_Brief:_ Both the line with "(T \<union> pred" and the line with "b-minimality. Backward direction: if" in the records below must appear in the output, along with every line between them, exactly and with nothing added.

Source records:
────────────────

text \<open>Abelian Hausdorff topological groups are modelled by the type class
  topological_ab_group_add together with t2_space; the group is the whole type.\<close>

definition zmul :: "int \<Rightarrow> 'a::ab_group_add \<Rightarrow> 'a" where
  "zmul n a = (if 0 \<le> n then (\<Sum>i<nat n. a) else - (\<Sum>i<nat (- n). a))"

definition add_subgroup :: "'a::ab_group_add set \<Rightarrow> bool" where
  "add_subgroup H \<longleftrightarrow> 0 \<in> H \<and> (\<forall>x\<in>H. \<forall>y\<in>H. x - y \<in> H)"

definition gen :: "'a::ab_group_add set \<Rightarrow> 'a set" where
  "gen A = \<Inter>{H. add_subgroup H \<and> A \<subseteq> H}"

definition cyc :: "'a::ab_group_add \<Rightarrow> 'a set" where
  "cyc a = gen {a}"

definition abs_cauchy_summable :: "'a::{topological_ab_group_add,t2_space} set \<Rightarrow> bool" where
  "abs_cauchy_summable A \<longleftrightarrow>
     (\<forall>U. open U \<and> 0 \<in> U \<longrightarrow> (\<exists>F. finite F \<and> F \<subseteq> A \<and> gen (A - F) \<subseteq> U))"

definition top_independent :: "'a::{topological_ab_group_add,t2_space} set \<Rightarrow> bool" where
  "top_independent A \<longleftrightarrow> 0 \<notin> A \<and>
     (\<forall>W. open W \<and> 0 \<in> W \<longrightarrow> (\<exists>U. open U \<and> 0 \<in> U \<and>
        (\<forall>F z. finite F \<and> F \<subseteq> A \<and> (\<Sum>a\<in>F. zmul (z a) a) \<in> U
               \<longrightarrow> (\<forall>a\<in>F. zmul (z a) a \<in> W))))"

text \<open>P_A: the Tychonoff product of the cyclic subgroups (with subspace topology),
  elements are extensional functions on A.\<close>
definition P_top :: "'a::{topological_ab_group_add,t2_space} set \<Rightarrow> ('a \<Rightarrow> 'a) topology" where
  "P_top A = product_topology (\<lambda>a. subtopology euclidean (cyc a)) A"

definition S_set :: "'a::{topological_ab_group_add,t2_space} set \<Rightarrow> ('a \<Rightarrow> 'a) set" where
  "S_set A = {g \<in> topspace (P_top A). finite {a\<in>A. g a \<noteq> 0}}"

definition S_top :: "'a::{topological_ab_group_add,t2_space} set \<Rightarrow> ('a \<Rightarrow> 'a) topology" where
  "S_top A = subtopology (P_top A) (S_set A)"

definition kalton :: "'a::{topological_ab_group_add,t2_space} set \<Rightarrow> ('a \<Rightarrow> 'a) \<Rightarrow> 'a" where
  "kalton A g = (\<Sum>a\<in>{a\<in>A. g a \<noteq> 0}. g a)"

text \<open>Topologically isomorphic embedding: homeomorphism onto the image (the map is a
  homomorphism by construction; injectivity and continuity are part of homeomorphic_map).\<close>
definition top_iso_embedding :: "'a::{topological_ab_group_add,t2_space} set \<Rightarrow> bool" where
  "top_iso_embedding A \<longleftrightarrow>
     homeomorphic_map (S_top A) (subtopology euclidean (kalton A ` S_set A)) (kalton A)"

end

theory Submission
  imports Defs
begin

text \<open>A basic neighbourhood of \<open>0\<close> in \<open>S\<^sub>A\<close> constrains only finitely many coordinates,
  and every coordinate of an element of \<open>S\<^sub>A\<close> supported off a finite set \<open>F\<close> lies in
  \<open>\<langle>A \<setminus> F\<rangle>\<close>. Absolute Cauchy summability makes this tail small, which is continuity of
  \<open>K\<^sub>A\<close>; conversely continuity at \<open>0\<close> puts the image of the subgroup of elements vanishing
  on \<open>F\<close>, which contains \<open>\<langle>A \<setminus> F\<rangle>\<close>, into a given neighbourhood. Topological independence
  says precisely that \<open>K\<^sub>A d\<close> small forces all coordinates of \<open>d\<close> to be small; this gives
  injectivity (the group is T1) and openness of \<open>K\<^sub>A\<close> onto its image, and conversely
  openness and injectivity give it back.\<close>

section \<open>Subgroups and integer multiples\<close>

lemma add_subgroupD:
  assumes "add_subgroup H"
  shows "0 \<in> H" "x \<in> H \<Longrightarrow> y \<in> H \<Longrightarrow> x - y \<in> H"
    "x \<in> H \<Longrightarrow> - x \<in> H" "x \<in> H \<Longrightarrow> y \<in> H \<Longrightarrow> x + y \<in> H"
proof -
  show zero: "0 \<in> H" and diff: "x \<in> H \<Longrightarrow> y \<in> H \<Longrightarrow> x - y \<in> H" for x y
    using assms by (simp_all add: add_subgroup_def)
  show minus: "x \<in> H \<Longrightarrow> - x \<in> H" for x
    using diff[OF zero, of x] by simp
  show "x \<in> H \<Longrightarrow> y \<in> H \<Longrightarrow> x + y \<in> H"
    using diff[of x "- y"] minus[of y] by simp
qed

lemma add_subgroup_sum:
  assumes "add_subgroup H" "\<And>i. i \<in> F \<Longrightarrow> f i \<in> H"
  shows "sum f F \<in> H"
  using assms(2)
  by (induction F rule: infinite_finite_induct) (simp_all add: add_subgroupD[OF assms(1)])

lemma add_subgroup_gen: "add_subgroup (gen B)"
  unfolding add_subgroup_def gen_def by auto

lemma gen_superset: "B \<subseteq> gen B"
  unfolding gen_def by auto

lemma gen_least: "add_subgroup H \<Longrightarrow> B \<subseteq> H \<Longrightarrow> gen B \<subseteq> H"
  unfolding gen_def by auto

lemma cyc_subset_gen: "a \<in> B \<Longrightarrow> cyc a \<subseteq> gen B"
  unfolding cyc_def using gen_superset by (intro gen_least[OF add_subgroup_gen]) auto

lemma zero_in_cyc: "0 \<in> cyc a"
  unfolding cyc_def using add_subgroupD(1)[OF add_subgroup_gen] .

lemma self_in_cyc: "a \<in> cyc a"
  unfolding cyc_def using gen_superset by blast

lemma diff_in_cyc: "x \<in> cyc a \<Longrightarrow> y \<in> cyc a \<Longrightarrow> x - y \<in> cyc a"
  unfolding cyc_def using add_subgroupD(2)[OF add_subgroup_gen] .

lemma zmul_minus: "zmul (- n) a = - zmul n a"
  by (cases "n = 0") (auto simp: zmul_def)
lemma schur_stable_matpow_decay:
  fixes A :: "real^'n^'n"
  assumes "schur_stable A"
  obtains c \<rho> where "0 \<le> c" "0 \<le> \<rho>" "\<rho> < 1" "\<And>k y. norm (matpow A k *v y) \<le> c * \<rho> ^ k * norm y"
proof -
  obtain h :: "'n \<Rightarrow> nat" where h: "bij_betw h UNIV {0..<CARD('n)}"
    using ex_bij_betw_finite_nat[of "UNIV::'n set"] by auto
  define C where "C = cmat_of h A"
  define \<rho> where "\<rho> = (1 + spectral_radius C) / 2"
  have "spectral_radius C \<in> cmod ` spectrum C"
    unfolding C_def by (rule spectral_radius_mem_max(1)[OF cmat_of_carrier]) simp
  hence sr: "0 \<le> spectral_radius C" by auto
  have sr1: "spectral_radius C < 1"
    unfolding C_def by (rule schur_stable_spectral_radius_less_1[OF h assms])
  have "C \<in> carrier_mat CARD('n) CARD('n)" "spectral_radius C < \<rho>"
    using sr1 unfolding C_def \<rho>_def by simp_all
  from spectral_radius_less_imp_norm_bound_mat_pow[OF this]
  obtain c where c: "\<And>k. norm_bound (C ^\<^sub>m k) (c * \<rho> ^ k)" by blast
  have entry: "\<bar>matpow A k $ i $ j\<bar> \<le> c * \<rho> ^ k" for k i j
  proof -
    have "norm ((C ^\<^sub>m k) $$ (h i, h j)) \<le> c * \<rho> ^ k"
      using c[of k] enum_less_card[OF h] unfolding norm_bound_def C_def by simp
    thus ?thesis unfolding C_def cmat_of_pow_nth[OF h] by simp
  qed
  have "0 \<le> c" using entry[of 0] by (metis abs_ge_zero mult_1_right order_trans power_0)
  moreover have "norm (matpow A k *v y) \<le> (real CARD('n) * real CARD('n) * c) * \<rho> ^ k * norm y" for k y
  proof -
    have "norm (matpow A k *v y) \<le> onorm ((*v) (matpow A k)) * norm y"
      by (rule onorm) simp
    also have "\<dots> \<le> (real CARD('n) * real CARD('n) * (c * \<rho> ^ k)) * norm y"
      by (intro mult_right_mono norm_ge_zero onorm_le_matrix_component entry)
    finally show ?thesis by (simp add: mult_ac)
  qed
  moreover have "0 \<le> \<rho>" "\<rho> < 1" using sr sr1 unfolding \<rho>_def by simp_all
  ultimately show ?thesis by (intro that[of "real CARD('n) * real CARD('n) * c" \<rho>]) simp_all
qed
definition walk_from_to :: "'a set \<Rightarrow> ('a \<times> 'a) set \<Rightarrow> 'a \<Rightarrow> 'a \<Rightarrow> 'a list \<Rightarrow> bool" where
  "walk_from_to V E u v ws \<longleftrightarrow> walk V E ws \<and> hd ws = u \<and> last ws = v"

definition st_graph :: "'a set \<Rightarrow> ('a \<times> 'a) set \<Rightarrow> 'a \<Rightarrow> 'a \<Rightarrow> bool" where
  "st_graph V E s t \<longleftrightarrow> finite V \<and> E \<subseteq> V \<times> V \<and> (\<forall>v. (v, v) \<notin> E) \<and>
     s \<in> V \<and> t \<in> V \<and> s \<noteq> t \<and>
     (\<forall>v. (v, s) \<notin> E) \<and> (\<forall>v. (t, v) \<notin> E) \<and>
     (\<forall>v\<in>V. \<exists>ws. walk_from_to V E s t ws \<and> v \<in> set ws)"

definition vertex_separator :: "'a set \<Rightarrow> ('a \<times> 'a) set \<Rightarrow> 'a \<Rightarrow> 'a \<Rightarrow> 'a set \<Rightarrow> bool" where
  "vertex_separator V E s t T \<longleftrightarrow> T \<subseteq> V \<and>
     (\<forall>ws. walk_from_to V E s t ws \<longrightarrow> set ws \<inter> T \<noteq> {})"

definition mvs :: "'a set \<Rightarrow> ('a \<times> 'a) set \<Rightarrow> 'a \<Rightarrow> 'a \<Rightarrow> 'a set \<Rightarrow> bool" where
  "mvs V E s t T \<longleftrightarrow> vertex_separator V E s t T \<and>
     (\<forall>T'. T' \<subset> T \<longrightarrow> \<not> vertex_separator V E s t T')"

definition pred :: "'a set \<Rightarrow> ('a \<times> 'a) set \<Rightarrow> 'a \<Rightarrow> 'a set" where
  "pred V E u = {v \<in> V. (v, u) \<in> E}"

definition precedes :: "'a set \<Rightarrow> ('a \<times> 'a) set \<Rightarrow> 'a \<Rightarrow> 'a set \<Rightarrow> 'a \<Rightarrow> bool" where
  "precedes V E s A u \<longleftrightarrow> (\<forall>ws. walk_from_to V E s u ws \<longrightarrow> set ws \<inter> A \<noteq> {})"

definition below_v :: "'a set \<Rightarrow> ('a \<times> 'a) set \<Rightarrow> 'a \<Rightarrow> 'a \<Rightarrow> 'a set \<Rightarrow> bool" where
  "below_v V E t u A \<longleftrightarrow> (\<forall>ws. walk_from_to V E u t ws \<longrightarrow> set ws \<inter> A \<noteq> {})"

definition below :: "'a set \<Rightarrow> ('a \<times> 'a) set \<Rightarrow> 'a \<Rightarrow> 'a set \<Rightarrow> 'a set \<Rightarrow> bool" where
  "below V E t A A' \<longleftrightarrow> (\<forall>u\<in>A. below_v V E t u A')"

definition strictly_below :: "'a set \<Rightarrow> ('a \<times> 'a) set \<Rightarrow> 'a \<Rightarrow> 'a set \<Rightarrow> 'a set \<Rightarrow> bool" where
  "strictly_below V E t A A' \<longleftrightarrow> below V E t A A' \<and> A \<noteq> A'"

definition b_minimal :: "'a set \<Rightarrow> ('a \<times> 'a) set \<Rightarrow> 'a \<Rightarrow> 'a \<Rightarrow> 'a \<Rightarrow> 'a set \<Rightarrow> bool" where
  "b_minimal V E s t b T \<longleftrightarrow> mvs V E s t T \<and> b \<in> T \<and>
     (\<forall>T'. mvs V E s t T' \<and> strictly_below V E t T' T \<longrightarrow> b \<notin> T')"

end

theory Submission
  imports Defs
begin

text \<open>Forward direction, by an exchange argument: if an s-b walk S avoids
  (T \<union> pred u) - {b}, replace u in T by those predecessors of u that s reaches without meeting T.
  The result is a separator below T that misses u, and every minimal separator inside it contains b,
  since otherwise S followed by a T-free exit walk from b to t would avoid it; this contradicts
  b-minimality. Backward direction: if T' \<sqsubset> T is minimal with b \<in> T', pick u \<in> T - T' and an
  s-t walk meeting T' only in b. Its part before b meets T \<union> pred u in some y', and the walk to y'
  (extended by the edge to u when y' is a predecessor of u) reaches a vertex of T avoiding T'; but a
  separator below the minimal separator T must precede every vertex of T.\<close>

lemma walk_iff_successively:
  "walk V E ws \<longleftrightarrow> ws \<noteq> [] \<and> set ws \<subseteq> V \<and> successively (\<lambda>x y. (x, y) \<in> E) ws"
  unfolding walk_def successively_conv_nth by blast

lemma walk_from_to_append:
  assumes "walk_from_to V E a b P" and "walk_from_to V E b c Q"
  shows "walk_from_to V E a c (P @ tl Q)"
proof -
  obtain Q' where "Q = b # Q'"
    using assms(2) unfolding walk_from_to_def walk_def by (cases Q) auto
  then show ?thesis
    using assms unfolding walk_from_to_def walk_iff_successively
    by (auto simp: successively_append_iff successively_Cons)
qed

lemma walk_from_to_split:
  assumes "walk_from_to V E a c (xs @ w # ys)"
  shows "walk_from_to V E a w (xs @ [w])" and "walk_from_to V E w c (w # ys)"
  using assms unfolding walk_from_to_def walk_iff_successively
  by (auto simp: successively_append_iff successively_Cons hd_append)

lemma walk_from_to_snoc:
  assumes "walk_from_to V E a b P" and "b \<in> pred V E c" and "c \<in> V"
  shows "walk_from_to V E a c (P @ [c])"
  using walk_from_to_append[OF assms(1), of c "[b, c]"] assms(2,3)
  unfolding walk_from_to_def walk_def pred_def by (auto simp: nth_Cons split: nat.split)

lemma walk_from_to_snoc_pred:
  assumes "walk_from_to V E a c (xs @ [c])" and "xs \<noteq> []"
  shows "last xs \<in> pred V E c"
  using assms unfolding walk_from_to_def walk_iff_successively pred_def
  by (auto simp: successively_append_iff)

lemma walk_from_to_hd_in_set: "walk_from_to V E a c W \<Longrightarrow> a \<in> set W"
  unfolding walk_from_to_def walk_def by auto

lemma walk_from_to_first_hit:
  assumes "walk_from_to V E a c W" and "set W \<inter> A \<noteq> {}"
  obtains xs y where "walk_from_to V E a y (xs @ [y])" "y \<in> A" "set xs \<inter> A = {}"
    "set (xs @ [y]) \<subseteq> set W"
proof -
  obtain xs y ys where "W = xs @ y # ys" "y \<in> A" "\<forall>z\<in>set xs. z \<notin> A"
    using split_list_first_prop[of W "\<lambda>v. v \<in> A"] assms(2) by blast
  then show ?thesis
    using that walk_from_to_split(1) assms(1) by fastforce
qed

lemma mvs_walk_through:
  assumes "mvs V E s t T" and "x \<in> T"
  obtains W where "walk_from_to V E s t W" "x \<in> set W" "set W \<inter> (T - {x}) = {}"
proof -
  have "\<not> vertex_separator V E s t (T - {x})" and "T - {x} \<subseteq> V"
    using assms unfolding mvs_def vertex_separator_def by blast+
  then obtain W where "walk_from_to V E s t W" "set W \<inter> (T - {x}) = {}"
    unfolding vertex_separator_def by blast
  moreover from this have "set W \<inter> T \<noteq> {}"
    using assms(1) unfolding mvs_def vertex_separator_def by blast
  ultimately show ?thesis using that by blast
qed

lemma mvs_exit_walk:
  assumes "mvs V E s t T" and "x \<in> T"
  obtains zs where "walk_from_to V E x t (x # zs)" "set zs \<inter> T = {}"
proof -
  obtain W where W: "walk_from_to V E s t W" "x \<in> set W" "set W \<inter> (T - {x}) = {}"
    using mvs_walk_through[OF assms] .
  obtain ys zs where "W = ys @ x # zs" "x \<notin> set zs"
    using split_list_last_prop[of W "\<lambda>v. v = x"] W(2) by blast
  then show ?thesis
    using that walk_from_to_split(2) W(1,3) by fastforce
qed

lemma source_notin_mvs:
  assumes "st_graph V E s t" and "mvs V E s t T" and "T \<noteq> {s}"
  shows "s \<notin> T"
proof
  assume "s \<in> T"
  then have "{s} \<subset> T" using assms(3) by blast
  moreover have "vertex_separator V E s t {s}"
    using assms(1) walk_from_to_hd_in_set unfolding vertex_separator_def st_graph_def by fastforce
  ultimately show False using assms(2) unfolding mvs_def by blast
qed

────────────────

_Result of the exercise:_
  (T \<union> pred u) - {b}, replace u in T by those predecessors of u that s reaches without meeting T.
  The result is a separator below T that misses u, and every minimal separator inside it contains b,
  since otherwise S followed by a T-free exit walk from b to t would avoid it; this contradicts
  b-minimality. Backward direction: if T' \<sqsubset> T is minimal with b \<in> T', pick u \<in> T - T' and an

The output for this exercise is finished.